Q: What can you tell me about the incidence of multiple gestation's?
A. Though much desired by many of our patients, multiple pregnancies are still considered high-risk pregnancies. The reason why infertility clinics continue to have multiples is that we carefully chose two of the best embryos to maximize pregnancy rates but hopefully minimize multiple rates. Frequently, clinics with excellent pregnancy rates have higher than expected multiple rates because the implantation rates are so high.
Q: Do you do pre-implantation genetic diagnosis (PGD)?
A. Yes. Pre-implantation Genetic Diagnosis (PGD) is done for genetic disorders such as muscular dystrophy or cystic fibrosis. In fact, there are now over 150 illnesses with a genetic basis that we can diagnose in the embryo. We also see patients to screen the embryos for what is referred to as abnormal numbers of chromosomes. We perform this test in patients with repeated pregnancy loss or in those at risk or concerned about having a child affected by some type of genetically transmitted disorder such as Down’s Syndrome.

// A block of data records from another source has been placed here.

(* Let $\omega\in\mathbb{H}$, and let $g\in\mathrm{PSL}_2(\mathbb{Z})$ be such that $g^{-1}\cdot\omega\in D_0+n$ for some $n\in\mathbb{Z}$. Assume $g\cdot\infty\neq\infty$ and write $g\cdot\infty=p/q$ in lowest terms with $q>0$. Let $\delta$ be the diameter of the (Euclidean) circle in the upper half-plane that is tangent to the real axis at $p/q$ and passes through $\omega$. Then $f(\omega)=\delta\,q^2$.
   Context: $\mathbb{H}=\{\omega\in\mathbb{C}:\mathrm{Im}(\omega)>0\}$. For $\omega\in\mathbb{H}$, $d(\omega)=\min\{|\alpha+\beta\omega| : \alpha,\beta\in\mathbb{Z},\ (\alpha,\beta)\neq(0,0)\}$ and $f(\omega)=d(\omega)^2/\mathrm{Im}(\omega)$. $\mathrm{PSL}_2(\mathbb{Z})$ acts on $\mathbb{H}\cup\mathbb{R}\cup\{\infty\}$ by $\begin{pmatrix}a&b\\c&d\end{pmatrix}\cdot\omega=\frac{a\omega+b}{c\omega+d}$, with $g\cdot\infty=a/c$ if $c\ne0$ and $g\cdot\infty=\infty$ if $c=0$. $D_0=\{\omega\in\mathbb{C}: -1/2\le\mathrm{Re}(\omega)\le1/2,\ |\omega|\ge1\}$ and $D_0+n=\{\zeta+n:\zeta\in D_0\}$. *)

theory Defs
  imports "HOL-Analysis.Analysis"
begin

definition upper_half_plane :: "complex set" where
  "upper_half_plane = {w. Im w > 0}"

text \<open>d(w) = min of |alpha + beta w| over nonzero integer pairs (the minimum exists; we write it as Inf).\<close>
definition lat_d :: "complex \<Rightarrow> real" where
  "lat_d w = Inf {cmod (of_int \<alpha> + of_int \<beta> * w) | \<alpha> \<beta> :: int. (\<alpha>, \<beta>) \<noteq> (0, 0)}"

definition f_fun :: "complex \<Rightarrow> real" where
  "f_fun w = (lat_d w)\<^sup>2 / Im w"

definition moeb :: "int \<Rightarrow> int \<Rightarrow> int \<Rightarrow> int \<Rightarrow> complex \<Rightarrow> complex" where
  "moeb a b c d w = (of_int a * w + of_int b) / (of_int c * w + of_int d)"

definition D0 :: "complex set" where
  "D0 = {z. -1/2 \<le> Re z \<and> Re z \<le> 1/2 \<and> cmod z \<ge> 1}"

end

theory Submission
  imports Defs
begin

text \<open>Write \<open>g = (a b; c d)\<close>. Since \<open>g\<inverse>\<omega> = (d\<omega> - b)/(a - c\<omega>)\<close>, the lattice
  \<open>\<int> + \<int>\<omega>\<close> is \<open>a - c\<omega>\<close> times the lattice \<open>\<int> + \<int>g\<inverse>\<omega>\<close>. The point \<open>g\<inverse>\<omega>\<close> lies in a
  translate of the fundamental domain, where every nonzero lattice vector has length at least
  \<open>1\<close> and the vector \<open>1\<close> attains it; hence \<open>d(\<omega>) = |a - c\<omega>| = |c| |\<omega> - a/c|\<close>. Finally
  \<open>|c| = q\<close>, and the circle of diameter \<open>\<delta>\<close> tangent to \<open>\<real>\<close> at \<open>p/q\<close> is the locus
  \<open>|\<omega> - p/q|\<^sup>2 = \<delta> Im \<omega>\<close>, so \<open>f(\<omega>) = |a - c\<omega>|\<^sup>2 / Im \<omega> = \<delta> q\<^sup>2\<close>.\<close>

lemma int_quadratic_form_ge_one:
  fixes u k :: int
  assumes "(u, k) \<noteq> (0, 0)"
  shows "u\<^sup>2 - \<bar>u * k\<bar> + k\<^sup>2 \<ge> 1"
proof -
  have "u\<^sup>2 - \<bar>u * k\<bar> + k\<^sup>2 = (\<bar>u\<bar> - \<bar>k\<bar>)\<^sup>2 + \<bar>u\<bar> * \<bar>k\<bar>"
    by (simp add: power2_eq_square abs_mult algebra_simps)
  moreover have "(\<bar>u\<bar> - \<bar>k\<bar>)\<^sup>2 + \<bar>u\<bar> * \<bar>k\<bar> > 0"
  proof (cases "\<bar>u\<bar> = \<bar>k\<bar>")
    case True
    with assms have "u \<noteq> 0" "k \<noteq> 0" by auto
    then show ?thesis by (simp add: add_nonneg_pos)
  next
    case False
    then have "(\<bar>u\<bar> - \<bar>k\<bar>)\<^sup>2 > 0" by simp
    then show ?thesis by (simp add: add_pos_nonneg)
  qed
  ultimately show ?thesis by simp
qed

lemma norm_lattice_point_ge_one_D0:
  fixes u k :: int
  assumes "z \<in> D0" "(u, k) \<noteq> (0, 0)"
  shows "cmod (of_int u + of_int k * z) \<ge> 1"
proof -
  let ?x = "Re z" and ?y = "Im z"
  define r s where "r = real_of_int u" and "s = real_of_int k"
  have x: "\<bar>?x\<bar> \<le> 1/2" using assms(1) by (auto simp: D0_def)
  have norm: "?x\<^sup>2 + ?y\<^sup>2 \<ge> 1" using assms(1) unfolding D0_def by (auto simp: cmod_def)
  have "1 \<le> real_of_int (u\<^sup>2 - \<bar>u * k\<bar> + k\<^sup>2)"
    using int_quadratic_form_ge_one[OF assms(2)] by (simp only: of_int_1_le_iff)
  then have form: "r\<^sup>2 - \<bar>r * s\<bar> + s\<^sup>2 \<ge> 1" by (simp add: r_def s_def)
  have "\<bar>2 * r * s * ?x\<bar> = \<bar>r * s\<bar> * (2 * \<bar>?x\<bar>)" by (simp add: abs_mult)
  also have "\<dots> \<le> \<bar>r * s\<bar> * 1" by (rule mult_left_mono) (use x in auto)
  finally have cross: "2 * r * s * ?x \<ge> - \<bar>r * s\<bar>" by linarith
  have "s\<^sup>2 * 1 \<le> s\<^sup>2 * (?x\<^sup>2 + ?y\<^sup>2)" using norm by (rule mult_left_mono) simp
  moreover have "(cmod (of_int u + of_int k * z))\<^sup>2 = (r + s * ?x)\<^sup>2 + (s * ?y)\<^sup>2"
    by (simp add: cmod_def r_def s_def)
  moreover have "\<dots> = r\<^sup>2 + 2 * r * s * ?x + s\<^sup>2 * (?x\<^sup>2 + ?y\<^sup>2)"
    by (simp add: power2_eq_square algebra_simps)
  ultimately have "(cmod (of_int u + of_int k * z))\<^sup>2 \<ge> 1\<^sup>2" using cross form by simp
  then show ?thesis by (rule power2_le_imp_le) simp
qed

lemma norm_lattice_point_ge_one_translate_D0:
  fixes u k n :: int
  assumes "z \<in> (\<lambda>z. z + of_int n) ` D0" "(u, k) \<noteq> (0, 0)"
  shows "cmod (of_int u + of_int k * z) \<ge> 1"
proof -
  obtain z' where z': "z' \<in> D0" "z = z' + of_int n" using assms(1) by auto
  have "(u + k * n, k) \<noteq> (0, 0)" using assms(2) by auto
  from norm_lattice_point_ge_one_D0[OF z'(1) this]
  have "1 \<le> cmod (of_int (u + k * n) + of_int k * z')" .
  moreover have "of_int u + of_int k * z = of_int (u + k * n) + of_int k * z'"
    using z'(2) by (simp add: algebra_simps)
  ultimately show ?thesis by (simp only:)
qed

text \<open>The new coefficients \<open>(m, k)\<close> are the image of \<open>(\<alpha>, \<beta>)\<close> under the unimodular matrix
  \<open>(d b; c a)\<close>.\<close>
lemma lattice_point_eq_scaled_moeb_lattice_point:
  fixes a b c d \<alpha> \<beta> :: int
  assumes det: "a * d - b * c = 1" and nz: "of_int a - of_int c * \<omega> \<noteq> 0"
    and "(\<alpha>, \<beta>) \<noteq> (0, 0)"
  obtains m k :: int where "(m, k) \<noteq> (0, 0)"
    "of_int \<alpha> + of_int \<beta> * \<omega> = (of_int m + of_int k * moeb d (-b) (-c) a \<omega>) * (of_int a - of_int c * \<omega>)"
proof
  define m k where "m = d * \<alpha> + b * \<beta>" and "k = c * \<alpha> + a * \<beta>"
  have \<alpha>: "m * a - k * b = \<alpha>" and \<beta>: "k * d - m * c = \<beta>"
    unfolding m_def k_def using det by (simp_all add: algebra_simps)
  show "(m, k) \<noteq> (0, 0)" using \<alpha> \<beta> assms(3) by auto
  define z w where "z = moeb d (-b) (-c) a \<omega>" and "w = of_int a - of_int c * \<omega>"
  have zw: "z * w = of_int d * \<omega> - of_int b"
    using nz by (simp add: z_def w_def moeb_def field_simps)
  have "(of_int m + of_int k * z) * w = of_int m * w + of_int k * (z * w)"
    by (simp add: algebra_simps)
  also have "\<dots> = of_int (m * a - k * b) + of_int (k * d - m * c) * \<omega>"
    unfolding zw by (simp add: w_def algebra_simps)
  finally show "of_int \<alpha> + of_int \<beta> * \<omega> = (of_int m + of_int k * moeb d (-b) (-c) a \<omega>) * (of_int a - of_int c * \<omega>)"
    using \<alpha> \<beta> by (simp add: z_def w_def)
qed

lemma lat_d_eq_automorphy_factor:
  fixes a b c d n :: int
  assumes det: "a * d - b * c = 1" and "c \<noteq> 0" and nz: "of_int a - of_int c * \<omega> \<noteq> 0"
    and fund: "moeb d (-b) (-c) a \<omega> \<in> (\<lambda>z. z + of_int n) ` D0"
  shows "lat_d \<omega> = cmod (of_int a - of_int c * \<omega>)"
  unfolding lat_d_def
proof (rule cInf_eq_minimum)
  show "cmod (of_int a - of_int c * \<omega>) \<in> {cmod (of_int \<alpha> + of_int \<beta> * \<omega>) | \<alpha> \<beta> :: int. (\<alpha>, \<beta>) \<noteq> (0, 0)}"
    using \<open>c \<noteq> 0\<close> by (intro CollectI exI[of _ a] exI[of _ "-c"]) auto
next
  fix y assume "y \<in> {cmod (of_int \<alpha> + of_int \<beta> * \<omega>) | \<alpha> \<beta> :: int. (\<alpha>, \<beta>) \<noteq> (0, 0)}"
  then obtain \<alpha> \<beta> :: int where "(\<alpha>, \<beta>) \<noteq> (0, 0)" and y: "y = cmod (of_int \<alpha> + of_int \<beta> * \<omega>)"
    by auto
  then obtain m k :: int where mk: "(m, k) \<noteq> (0, 0)"
    and eq: "of_int \<alpha> + of_int \<beta> * \<omega> = (of_int m + of_int k * moeb d (-b) (-c) a \<omega>) * (of_int a - of_int c * \<omega>)"
    using lattice_point_eq_scaled_moeb_lattice_point[OF det nz] by blast
  have "cmod (of_int m + of_int k * moeb d (-b) (-c) a \<omega>) \<ge> 1"
    using norm_lattice_point_ge_one_translate_D0[OF fund mk] .
  then show "cmod (of_int a - of_int c * \<omega>) \<le> y"
    unfolding y eq norm_mult by (simp add: mult_le_cancel_right1)
qed

lemma coprime_if_det_eq_one:
  fixes a b c d :: int
  assumes "a * d - b * c = 1"
  shows "coprime a c"
proof (rule coprimeI)
  fix x assume "x dvd a" "x dvd c"
  then have "x dvd a * d - b * c" by (simp add: dvd_mult2 dvd_mult)
  then show "is_unit x" using assms by simp
qed

lemma abs_denominator_eq_if_coprime:
  fixes a c p q :: int
  assumes "coprime a c" "coprime p q" "q > 0" "a * q = p * c"
  shows "\<bar>c\<bar> = q"
proof -
  have "q dvd p * c" unfolding assms(4)[symmetric] by simp
  then have "q dvd c" using assms(2) by (simp add: coprime_dvd_mult_right_iff coprime_commute)
  moreover have "c dvd a * q" unfolding assms(4) by simp
  then have "c dvd q" using assms(1) by (simp add: coprime_dvd_mult_right_iff coprime_commute)
  ultimately show ?thesis using zdvd_antisym_abs \<open>q > 0\<close> by fastforce
qed

lemma horocycle_norm_eq:
  assumes "cmod (\<omega> - (of_real x\<^sub>0 + \<i> * of_real (\<delta> / 2))) = \<delta> / 2"
  shows "(Re \<omega> - x\<^sub>0)\<^sup>2 + (Im \<omega>)\<^sup>2 = \<delta> * Im \<omega>"
proof -
  have "(cmod (\<omega> - (of_real x\<^sub>0 + \<i> * of_real (\<delta> / 2))))\<^sup>2 = (\<delta> / 2)\<^sup>2"
    using assms by (rule arg_cong)
  then have "(Re \<omega> - x\<^sub>0)\<^sup>2 + (Im \<omega> - \<delta> / 2)\<^sup>2 = (\<delta> / 2)\<^sup>2"
    by (simp add: cmod_def)
  then show ?thesis by (simp add: power2_eq_square algebra_simps)
qed

theorem proposition3:
  fixes \<omega> :: complex and a b c d p q :: int and \<delta> :: real
  assumes "\<omega> \<in> upper_half_plane"
    and det: "a * d - b * c = 1"
    and fund: "\<exists>n::int. moeb d (-b) (-c) a \<omega> \<in> (\<lambda>z. z + of_int n) ` D0"
    and not_inf: "c \<noteq> 0"
    and lowest: "coprime p q" "q > 0"
    and cusp: "real_of_int a / real_of_int c = real_of_int p / real_of_int q"
    and circ: "\<delta> > 0"
      "cmod (\<omega> - (of_real (real_of_int p / real_of_int q) + \<i> * of_real (\<delta> / 2))) = \<delta> / 2"
  shows "f_fun \<omega> = \<delta> * (real_of_int q)\<^sup>2"
proof -
  have im: "Im \<omega> > 0" using assms(1) by (simp add: upper_half_plane_def)
  have "Im (of_int a - of_int c * \<omega>) \<noteq> 0" using im not_inf by simp
  then have nz: "of_int a - of_int c * \<omega> \<noteq> 0" by (rule contrapos_nn) simp
  obtain n :: int where "moeb d (-b) (-c) a \<omega> \<in> (\<lambda>z. z + of_int n) ` D0" using fund by blast
  from lat_d_eq_automorphy_factor[OF det not_inf nz this]
  have lat: "lat_d \<omega> = cmod (of_int a - of_int c * \<omega>)" .
  have "a * q = p * c"
    using cusp not_inf lowest(2) by (simp add: field_simps) (metis of_int_eq_iff of_int_mult)
  with coprime_if_det_eq_one[OF det] lowest have "\<bar>c\<bar> = q"
    by (rule abs_denominator_eq_if_coprime)
  then have c2: "(real_of_int c)\<^sup>2 = (real_of_int q)\<^sup>2" by (metis of_int_power power2_abs)
  have "(cmod (of_int a - of_int c * \<omega>))\<^sup>2 = (a - c * Re \<omega>)\<^sup>2 + (c * Im \<omega>)\<^sup>2"
    by (simp add: cmod_def)
  also have "\<dots> = (real_of_int c)\<^sup>2 * ((Re \<omega> - a / c)\<^sup>2 + (Im \<omega>)\<^sup>2)"
    using not_inf by (simp add: power2_eq_square field_simps)
  also have "\<dots> = (real_of_int q)\<^sup>2 * (\<delta> * Im \<omega>)"
    using c2 horocycle_norm_eq[OF circ(2)] cusp by simp
  finally show ?thesis using im by (simp add: f_fun_def lat)
qed

end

Q: Is PGD recommended if we are concerned about having a child with Down’s syndrome?
A. Yes. We see an increasing number of patients who because of age are concerned about having a child affected with this disorder.
Q: Do you do gender selection?
A. Yes, and ours is the only practice we know of in our area to offer this service. We offer gender selection only to select couples who meet rigid eligibility criteria.
Q: Are all of your doctors board certified in reproductive endocrinology?
A. Yes. Each of our physicians is board certified in reproductive endocrinology and infertility. We have completed fellowship training in this subspecialty and have passed special examinations for this credential. Not all providers in the competing practices have these qualifications and certification.
Q: Do you have an on-site Lab Director with a PhD?
A. Yes. Our full-time Lab Director, Dr. Wiemer, has a PhD and over 20 years experience in embryology lab design. In addition to managing the day-to-day operations of our lab, he has participated in several significant studies that have improved pregnancy rates worldwide.
Q: Can I speak with someone in the Embryology Lab about my IVF cycle either before or after implantation?
A. Yes. Dr. Wiemer is available to review lab procedures with our patients and to familiarize the patients with lab protocol and procedures. Our goal is to make the clinical and lab care seamless and provide insight into how your eggs and sperm will be handled in the lab.
Q: What is the status of oocyte freezing?
A. We are proud to claim the first pregnancy from an oocyte freezing protocol in the Pacific Northwest. Drs. Letterie and Wiemer have studied oocyte freezing at our clinic. Through this funded study, we have defined our survival rates, fertilization rates and pregnancy rates for patients considering this option. Patients who want to take advantage of their age and freeze oocytes or those who are facing chemotherapy may want to consider this exciting option.
Q: Do you offer fertility preservation services to cancer patients on a high priority basis?
A. Yes. We are happy to see cancer patients immediately for a consultation so that fertility preservation may become a part of their treatment protocol.
Q: Do you offer technologies other than IVF for fertility care?
A. Yes. The treatment options at the Northwest Center for Reproductive Sciences run the complete spectrum from simple diagnostics and "conservative" treatments to the latest assisted reproductive technology. Though the success rates with contemporary IVF protocols have placed less aggressive treatments in a lesser role, these options are appropriate for many people who may not have an interest in IVF or who have ethical objections to this technology.